How to complete this task: From the listing below, pull out all lines with "blast" in them.

Source data:

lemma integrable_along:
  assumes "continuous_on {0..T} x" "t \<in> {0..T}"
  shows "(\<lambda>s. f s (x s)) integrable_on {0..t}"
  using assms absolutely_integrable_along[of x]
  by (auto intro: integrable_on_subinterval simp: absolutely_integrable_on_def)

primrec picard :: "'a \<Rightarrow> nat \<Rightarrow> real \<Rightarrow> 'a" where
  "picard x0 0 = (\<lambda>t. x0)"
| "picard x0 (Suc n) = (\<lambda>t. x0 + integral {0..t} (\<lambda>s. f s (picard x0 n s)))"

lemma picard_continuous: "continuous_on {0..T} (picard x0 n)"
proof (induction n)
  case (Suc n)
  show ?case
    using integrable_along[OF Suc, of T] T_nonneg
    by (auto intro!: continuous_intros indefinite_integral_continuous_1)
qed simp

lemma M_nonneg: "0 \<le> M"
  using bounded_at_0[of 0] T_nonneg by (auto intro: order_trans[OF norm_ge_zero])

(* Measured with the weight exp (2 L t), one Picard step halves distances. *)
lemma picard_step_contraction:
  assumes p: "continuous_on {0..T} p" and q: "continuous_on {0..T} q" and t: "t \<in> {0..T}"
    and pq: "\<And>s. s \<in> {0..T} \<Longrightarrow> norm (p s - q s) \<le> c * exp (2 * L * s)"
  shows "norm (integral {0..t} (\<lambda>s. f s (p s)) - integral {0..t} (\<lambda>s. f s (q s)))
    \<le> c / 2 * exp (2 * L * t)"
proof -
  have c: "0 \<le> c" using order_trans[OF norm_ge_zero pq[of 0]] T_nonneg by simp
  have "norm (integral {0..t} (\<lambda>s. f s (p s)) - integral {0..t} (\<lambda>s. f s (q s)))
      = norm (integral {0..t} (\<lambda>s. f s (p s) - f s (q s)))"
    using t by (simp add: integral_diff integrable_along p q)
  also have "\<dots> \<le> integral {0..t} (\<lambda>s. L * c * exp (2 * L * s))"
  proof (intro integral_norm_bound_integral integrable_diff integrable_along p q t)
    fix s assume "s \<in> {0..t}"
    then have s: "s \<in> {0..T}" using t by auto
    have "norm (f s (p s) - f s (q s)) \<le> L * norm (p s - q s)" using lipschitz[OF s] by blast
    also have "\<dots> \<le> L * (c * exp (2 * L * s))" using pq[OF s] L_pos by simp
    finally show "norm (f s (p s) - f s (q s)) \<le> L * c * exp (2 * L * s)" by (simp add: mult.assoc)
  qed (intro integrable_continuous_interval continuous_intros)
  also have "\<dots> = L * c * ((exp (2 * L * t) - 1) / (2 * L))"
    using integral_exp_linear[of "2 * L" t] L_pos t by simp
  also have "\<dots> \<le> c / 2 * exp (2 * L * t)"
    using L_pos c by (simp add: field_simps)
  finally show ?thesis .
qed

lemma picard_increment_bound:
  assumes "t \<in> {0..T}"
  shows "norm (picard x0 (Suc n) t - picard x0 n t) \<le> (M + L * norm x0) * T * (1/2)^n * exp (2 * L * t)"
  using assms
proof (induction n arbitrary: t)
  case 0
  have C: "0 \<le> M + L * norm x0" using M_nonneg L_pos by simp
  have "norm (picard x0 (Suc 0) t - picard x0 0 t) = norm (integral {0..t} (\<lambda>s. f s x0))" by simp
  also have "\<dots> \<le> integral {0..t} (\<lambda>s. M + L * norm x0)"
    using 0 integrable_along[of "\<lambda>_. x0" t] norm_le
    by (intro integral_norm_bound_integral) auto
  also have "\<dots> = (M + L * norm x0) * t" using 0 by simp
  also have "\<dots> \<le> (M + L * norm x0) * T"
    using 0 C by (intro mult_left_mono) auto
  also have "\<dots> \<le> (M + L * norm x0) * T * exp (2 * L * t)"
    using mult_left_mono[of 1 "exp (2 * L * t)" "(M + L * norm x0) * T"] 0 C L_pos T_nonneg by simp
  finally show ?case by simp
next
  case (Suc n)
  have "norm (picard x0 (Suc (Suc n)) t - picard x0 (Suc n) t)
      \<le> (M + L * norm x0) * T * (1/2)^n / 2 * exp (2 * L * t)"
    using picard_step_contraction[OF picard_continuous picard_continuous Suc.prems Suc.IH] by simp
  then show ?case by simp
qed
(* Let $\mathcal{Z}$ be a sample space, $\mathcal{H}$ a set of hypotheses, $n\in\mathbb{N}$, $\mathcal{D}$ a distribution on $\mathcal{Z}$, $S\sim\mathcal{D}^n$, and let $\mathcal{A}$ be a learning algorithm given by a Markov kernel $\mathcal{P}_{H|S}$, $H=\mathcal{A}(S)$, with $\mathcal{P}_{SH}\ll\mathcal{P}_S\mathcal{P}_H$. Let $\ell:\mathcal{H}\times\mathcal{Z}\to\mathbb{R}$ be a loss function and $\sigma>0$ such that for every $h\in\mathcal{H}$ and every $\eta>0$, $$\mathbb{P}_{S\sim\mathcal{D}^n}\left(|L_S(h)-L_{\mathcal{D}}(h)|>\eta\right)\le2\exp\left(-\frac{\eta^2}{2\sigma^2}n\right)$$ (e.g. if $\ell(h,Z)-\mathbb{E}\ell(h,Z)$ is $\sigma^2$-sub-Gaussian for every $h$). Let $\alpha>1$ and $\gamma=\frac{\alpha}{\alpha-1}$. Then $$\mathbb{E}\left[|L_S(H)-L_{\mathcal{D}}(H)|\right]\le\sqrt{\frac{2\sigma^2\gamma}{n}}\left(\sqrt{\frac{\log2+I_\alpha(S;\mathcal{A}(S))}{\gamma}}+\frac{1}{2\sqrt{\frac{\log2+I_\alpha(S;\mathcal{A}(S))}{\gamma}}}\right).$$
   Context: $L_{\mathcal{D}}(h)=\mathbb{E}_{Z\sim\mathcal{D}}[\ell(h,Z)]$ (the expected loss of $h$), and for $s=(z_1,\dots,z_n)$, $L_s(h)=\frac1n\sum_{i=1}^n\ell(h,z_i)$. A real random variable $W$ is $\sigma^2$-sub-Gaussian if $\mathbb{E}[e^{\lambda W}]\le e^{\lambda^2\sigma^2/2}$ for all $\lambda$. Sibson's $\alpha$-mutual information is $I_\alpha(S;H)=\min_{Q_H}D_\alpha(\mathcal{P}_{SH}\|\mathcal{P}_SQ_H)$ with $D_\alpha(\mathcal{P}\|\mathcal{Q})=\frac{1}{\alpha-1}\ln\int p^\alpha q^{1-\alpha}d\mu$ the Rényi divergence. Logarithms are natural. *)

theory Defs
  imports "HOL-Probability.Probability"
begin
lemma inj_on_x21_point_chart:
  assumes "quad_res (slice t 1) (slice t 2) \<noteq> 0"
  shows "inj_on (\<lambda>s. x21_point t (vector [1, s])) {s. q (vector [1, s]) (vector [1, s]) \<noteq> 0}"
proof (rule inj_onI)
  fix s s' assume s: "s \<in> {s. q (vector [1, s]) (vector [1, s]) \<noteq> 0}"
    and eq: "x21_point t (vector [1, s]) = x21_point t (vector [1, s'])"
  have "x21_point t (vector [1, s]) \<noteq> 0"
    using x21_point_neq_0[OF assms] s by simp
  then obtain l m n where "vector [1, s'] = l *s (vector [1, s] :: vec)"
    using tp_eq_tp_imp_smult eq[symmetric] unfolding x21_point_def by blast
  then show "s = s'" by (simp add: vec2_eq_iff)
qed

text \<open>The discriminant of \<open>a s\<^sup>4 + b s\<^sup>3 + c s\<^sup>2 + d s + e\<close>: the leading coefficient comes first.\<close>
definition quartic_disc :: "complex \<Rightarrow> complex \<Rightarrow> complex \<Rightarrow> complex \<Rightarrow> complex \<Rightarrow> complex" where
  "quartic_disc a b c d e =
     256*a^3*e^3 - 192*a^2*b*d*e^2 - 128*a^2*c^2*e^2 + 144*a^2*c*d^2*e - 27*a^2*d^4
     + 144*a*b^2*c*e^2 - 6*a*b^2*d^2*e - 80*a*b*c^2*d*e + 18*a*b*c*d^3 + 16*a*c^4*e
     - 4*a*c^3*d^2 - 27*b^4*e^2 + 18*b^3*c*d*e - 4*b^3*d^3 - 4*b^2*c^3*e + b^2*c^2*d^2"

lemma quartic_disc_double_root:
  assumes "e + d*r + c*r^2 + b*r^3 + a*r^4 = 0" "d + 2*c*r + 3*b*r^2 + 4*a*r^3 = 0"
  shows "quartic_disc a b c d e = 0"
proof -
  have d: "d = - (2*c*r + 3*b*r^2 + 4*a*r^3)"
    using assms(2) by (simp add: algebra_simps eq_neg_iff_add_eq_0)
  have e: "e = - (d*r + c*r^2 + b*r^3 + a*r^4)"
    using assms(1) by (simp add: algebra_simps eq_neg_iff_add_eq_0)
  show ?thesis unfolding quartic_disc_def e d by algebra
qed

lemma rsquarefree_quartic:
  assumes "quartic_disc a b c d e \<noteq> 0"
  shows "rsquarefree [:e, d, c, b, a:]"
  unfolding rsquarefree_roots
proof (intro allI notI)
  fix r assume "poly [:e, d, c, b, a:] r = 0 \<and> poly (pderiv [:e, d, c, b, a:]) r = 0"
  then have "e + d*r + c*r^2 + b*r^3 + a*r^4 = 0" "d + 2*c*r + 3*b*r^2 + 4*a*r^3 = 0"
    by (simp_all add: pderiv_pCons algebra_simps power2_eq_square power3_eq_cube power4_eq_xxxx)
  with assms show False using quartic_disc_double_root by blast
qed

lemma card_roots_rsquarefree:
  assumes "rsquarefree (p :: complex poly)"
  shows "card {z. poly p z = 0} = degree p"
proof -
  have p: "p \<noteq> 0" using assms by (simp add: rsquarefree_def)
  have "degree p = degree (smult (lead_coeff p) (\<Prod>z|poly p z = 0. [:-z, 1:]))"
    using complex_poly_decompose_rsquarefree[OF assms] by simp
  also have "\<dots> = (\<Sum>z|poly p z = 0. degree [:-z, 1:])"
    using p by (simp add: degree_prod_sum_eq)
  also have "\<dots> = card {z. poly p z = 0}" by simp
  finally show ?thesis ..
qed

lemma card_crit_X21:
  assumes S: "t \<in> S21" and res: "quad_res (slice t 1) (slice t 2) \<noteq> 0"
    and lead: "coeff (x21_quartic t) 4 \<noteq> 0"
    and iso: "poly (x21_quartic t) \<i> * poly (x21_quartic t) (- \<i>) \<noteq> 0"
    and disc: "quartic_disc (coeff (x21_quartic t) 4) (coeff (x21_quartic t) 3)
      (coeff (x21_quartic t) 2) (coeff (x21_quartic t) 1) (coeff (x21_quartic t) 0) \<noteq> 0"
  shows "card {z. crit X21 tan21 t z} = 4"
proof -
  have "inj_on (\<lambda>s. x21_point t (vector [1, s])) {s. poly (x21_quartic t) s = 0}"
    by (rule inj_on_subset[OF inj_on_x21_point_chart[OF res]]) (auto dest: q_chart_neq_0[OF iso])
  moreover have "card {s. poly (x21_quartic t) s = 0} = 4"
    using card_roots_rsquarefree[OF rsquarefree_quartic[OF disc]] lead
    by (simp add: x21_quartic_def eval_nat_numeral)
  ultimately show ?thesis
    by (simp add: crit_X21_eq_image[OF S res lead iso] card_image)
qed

Exercise result:
    have "norm (f s (p s) - f s (q s)) \<le> L * norm (p s - q s)" using lipschitz[OF s] by blast
    using tp_eq_tp_imp_smult eq[symmetric] unfolding x21_point_def by blast
  with assms show False using quartic_disc_double_root by blast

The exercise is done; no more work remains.